-- RECORDED DATA --
lemma hstar_eq_half_metric:
  assumes g: "g \<bullet> g = 1" "g \<bullet> v = 0" and q: "q \<bullet> g = 0"
    and dual: "\<forall>w. w \<bullet> g = 0 \<longrightarrow> q \<bullet> w = metric eps Amat g v w"
  shows "hstar eps a1 a2 a3 i1 i2 g q = metric eps Amat g v v / 2"
proof -
  define a where "a = \<A> g"
  have a: "a = g \<bullet> (Amat *v g)" "a > 0"
    using calA_eq_inner[OF g(1)] calA_pos[OF g(1)] by (simp_all add: a_def)
  define c where "c = a powr (1 / eps - 2)"
  define s where "s = (Amat *v g) \<bullet> v"
  define m where "m = c *\<^sub>R (a *\<^sub>R (Amat *v v) - s *\<^sub>R (Amat *v g))"
  have Dgg: "(Amat *v g) \<bullet> g = a"
    by (simp add: a(1) inner_commute)
  have Dvg: "(Amat *v v) \<bullet> g = s"
    unfolding s_def by (metis inner_commute inner_diagA_commute)
  have metric_m: "metric eps Amat g v w = m \<bullet> w" for w
    by (simp add: metric_def m_def c_def s_def Dgg algebra_simps flip: a(1))
  have "m \<bullet> g = 0"
    by (simp add: m_def inner_diff_left Dgg Dvg)
  then have qm: "q = m"
    using dual by (intro eq_if_inner_eq_on_orthogonal_complement[OF q]) (simp_all add: metric_m)
  have Mm: "matrix_inv Amat *v m = c *\<^sub>R (a *\<^sub>R v - s *\<^sub>R g)"
    by (simp add: m_def algebra_simps matrix_inv_Amat_cancel)
  have qMq: "q \<bullet> (matrix_inv Amat *v q) = c^2 * a * (a * ((Amat *v v) \<bullet> v) - s^2)"
    unfolding qm Mm
    by (simp add: m_def Dgg Dvg g power2_eq_square algebra_simps)
      (simp add: inner_diagA_commute s_def algebra_simps)
  have metric_vv: "metric eps Amat g v v = c * (a * ((Amat *v v) \<bullet> v) - s^2)"
    by (simp add: metric_m m_def power2_eq_square algebra_simps s_def)
  have powers: "a powr (1 - 1 / eps) * c * a = 1"
  proof -
    have "a powr (1 - 1 / eps) * c = a powr (- 1)"
      by (simp add: c_def flip: powr_add)
    then show ?thesis
      using a(2) by (simp add: powr_minus)
  qed
  have "hstar eps a1 a2 a3 i1 i2 g q
          = 1 / 2 * (a powr (1 - 1 / eps) * c * a) * (c * (a * ((Amat *v v) \<bullet> v) - s^2))"
    by (simp add: hstar_def qMq power2_eq_square mult_ac flip: a_def)
  also have "\<dots> = metric eps Amat g v v / 2"
    using powers metric_vv by simp
  finally show ?thesis .
qed

lemma has_derivative_calA:
  "(\<A> has_derivative (\<lambda>v. 2 * ((Amat *v g) \<bullet> v - a3 * (g \<bullet> v)))) (at g)"
proof -
  have coord: "((\<lambda>x. x $ i) has_derivative (\<lambda>x. x $ i)) (at g)" for i :: 'n
    by (rule bounded_linear_imp_has_derivative) (rule bounded_linear_vec_nth)
  show ?thesis
    unfolding calA_def
    by (auto intro!: derivative_eq_intros coord simp: inner_diagA[OF axes_distinct] algebra_simps)
qed

lemma calA_has_real_derivative:
  assumes "(\<gamma> has_vector_derivative X) (at t)"
  shows "((\<lambda>s. \<A> (\<gamma> s)) has_real_derivative 2 * ((Amat *v \<gamma> t) \<bullet> X - a3 * (\<gamma> t \<bullet> X))) (at t)"
  using has_derivative_compose[OF assms[unfolded has_vector_derivative_def] has_derivative_calA]
  unfolding has_field_derivative_def
  by (rule has_derivative_eq_rhs) (auto simp: algebra_simps)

-- EXERCISE DETAILS --
Retype all the material exactly as shown.

-- SOLUTION FOR THIS TASK --
lemma hstar_eq_half_metric:
  assumes g: "g \<bullet> g = 1" "g \<bullet> v = 0" and q: "q \<bullet> g = 0"
    and dual: "\<forall>w. w \<bullet> g = 0 \<longrightarrow> q \<bullet> w = metric eps Amat g v w"
  shows "hstar eps a1 a2 a3 i1 i2 g q = metric eps Amat g v v / 2"
proof -
  define a where "a = \<A> g"
  have a: "a = g \<bullet> (Amat *v g)" "a > 0"
    using calA_eq_inner[OF g(1)] calA_pos[OF g(1)] by (simp_all add: a_def)
  define c where "c = a powr (1 / eps - 2)"
  define s where "s = (Amat *v g) \<bullet> v"
  define m where "m = c *\<^sub>R (a *\<^sub>R (Amat *v v) - s *\<^sub>R (Amat *v g))"
  have Dgg: "(Amat *v g) \<bullet> g = a"
    by (simp add: a(1) inner_commute)
  have Dvg: "(Amat *v v) \<bullet> g = s"
    unfolding s_def by (metis inner_commute inner_diagA_commute)
  have metric_m: "metric eps Amat g v w = m \<bullet> w" for w
    by (simp add: metric_def m_def c_def s_def Dgg algebra_simps flip: a(1))
  have "m \<bullet> g = 0"
    by (simp add: m_def inner_diff_left Dgg Dvg)
  then have qm: "q = m"
    using dual by (intro eq_if_inner_eq_on_orthogonal_complement[OF q]) (simp_all add: metric_m)
  have Mm: "matrix_inv Amat *v m = c *\<^sub>R (a *\<^sub>R v - s *\<^sub>R g)"
    by (simp add: m_def algebra_simps matrix_inv_Amat_cancel)
  have qMq: "q \<bullet> (matrix_inv Amat *v q) = c^2 * a * (a * ((Amat *v v) \<bullet> v) - s^2)"
    unfolding qm Mm
    by (simp add: m_def Dgg Dvg g power2_eq_square algebra_simps)
      (simp add: inner_diagA_commute s_def algebra_simps)
  have metric_vv: "metric eps Amat g v v = c * (a * ((Amat *v v) \<bullet> v) - s^2)"
    by (simp add: metric_m m_def power2_eq_square algebra_simps s_def)
  have powers: "a powr (1 - 1 / eps) * c * a = 1"
  proof -
    have "a powr (1 - 1 / eps) * c = a powr (- 1)"
      by (simp add: c_def flip: powr_add)
    then show ?thesis
      using a(2) by (simp add: powr_minus)
  qed
  have "hstar eps a1 a2 a3 i1 i2 g q
          = 1 / 2 * (a powr (1 - 1 / eps) * c * a) * (c * (a * ((Amat *v v) \<bullet> v) - s^2))"
    by (simp add: hstar_def qMq power2_eq_square mult_ac flip: a_def)
  also have "\<dots> = metric eps Amat g v v / 2"
    using powers metric_vv by simp
  finally show ?thesis .
qed

lemma has_derivative_calA:
  "(\<A> has_derivative (\<lambda>v. 2 * ((Amat *v g) \<bullet> v - a3 * (g \<bullet> v)))) (at g)"
proof -
  have coord: "((\<lambda>x. x $ i) has_derivative (\<lambda>x. x $ i)) (at g)" for i :: 'n
    by (rule bounded_linear_imp_has_derivative) (rule bounded_linear_vec_nth)
  show ?thesis
    unfolding calA_def
    by (auto intro!: derivative_eq_intros coord simp: inner_diagA[OF axes_distinct] algebra_simps)
qed

lemma calA_has_real_derivative:
  assumes "(\<gamma> has_vector_derivative X) (at t)"
  shows "((\<lambda>s. \<A> (\<gamma> s)) has_real_derivative 2 * ((Amat *v \<gamma> t) \<bullet> X - a3 * (\<gamma> t \<bullet> X))) (at t)"
  using has_derivative_compose[OF assms[unfolded has_vector_derivative_def] has_derivative_calA]
  unfolding has_field_derivative_def
  by (rule has_derivative_eq_rhs) (auto simp: algebra_simps)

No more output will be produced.